__Directions for this task__. All lines from the one containing "lemma (in prob_space)" through the final line of the material below must appear exactly as they are, with nothing else.

__Exercise material__.
lemma integrable_bounded:
  fixes f :: "'a \<Rightarrow> real"
  assumes "prob_space M" "sets M = sets N" "f \<in> borel_measurable N" "\<And>x. x \<in> space N \<Longrightarrow> \<bar>f x\<bar> \<le> B"
  shows "integrable M f"
proof -
  interpret prob_space M by fact
  show ?thesis
    using assms(3,4) sets_eq_imp_space_eq[OF assms(2)]
    by (intro integrable_const_bound[where B=B] AE_I2) (auto simp: measurable_cong_sets[OF assms(2) refl])
qed

lemma (in prob_space) abs_integral_le_const:
  fixes f :: "'a \<Rightarrow> real"
  assumes "\<And>x. \<bar>f x\<bar> \<le> B"
  shows "\<bar>\<integral>x. f x \<partial>M\<bar> \<le> B"
proof (cases "integrable M f")
  case True
  then have "(\<integral>x. \<bar>f x\<bar> \<partial>M) \<le> (\<integral>x. B \<partial>M)"
    using assms by (intro integral_mono) auto
  then show ?thesis
    using integral_abs_bound[of M f] by (simp add: prob_space del: integral_abs_bound)
next
  case False
  then show ?thesis
    using assms[of undefined] by (simp add: not_integrable_integral_eq)
qed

__Written solution__.
lemma (in prob_space) abs_integral_le_const:
  fixes f :: "'a \<Rightarrow> real"
  assumes "\<And>x. \<bar>f x\<bar> \<le> B"
  shows "\<bar>\<integral>x. f x \<partial>M\<bar> \<le> B"
proof (cases "integrable M f")
  case True
  then have "(\<integral>x. \<bar>f x\<bar> \<partial>M) \<le> (\<integral>x. B \<partial>M)"
    using assms by (intro integral_mono) auto
  then show ?thesis
    using integral_abs_bound[of M f] by (simp add: prob_space del: integral_abs_bound)
next
  case False
  then show ?thesis
    using assms[of undefined] by (simp add: not_integrable_integral_eq)
qed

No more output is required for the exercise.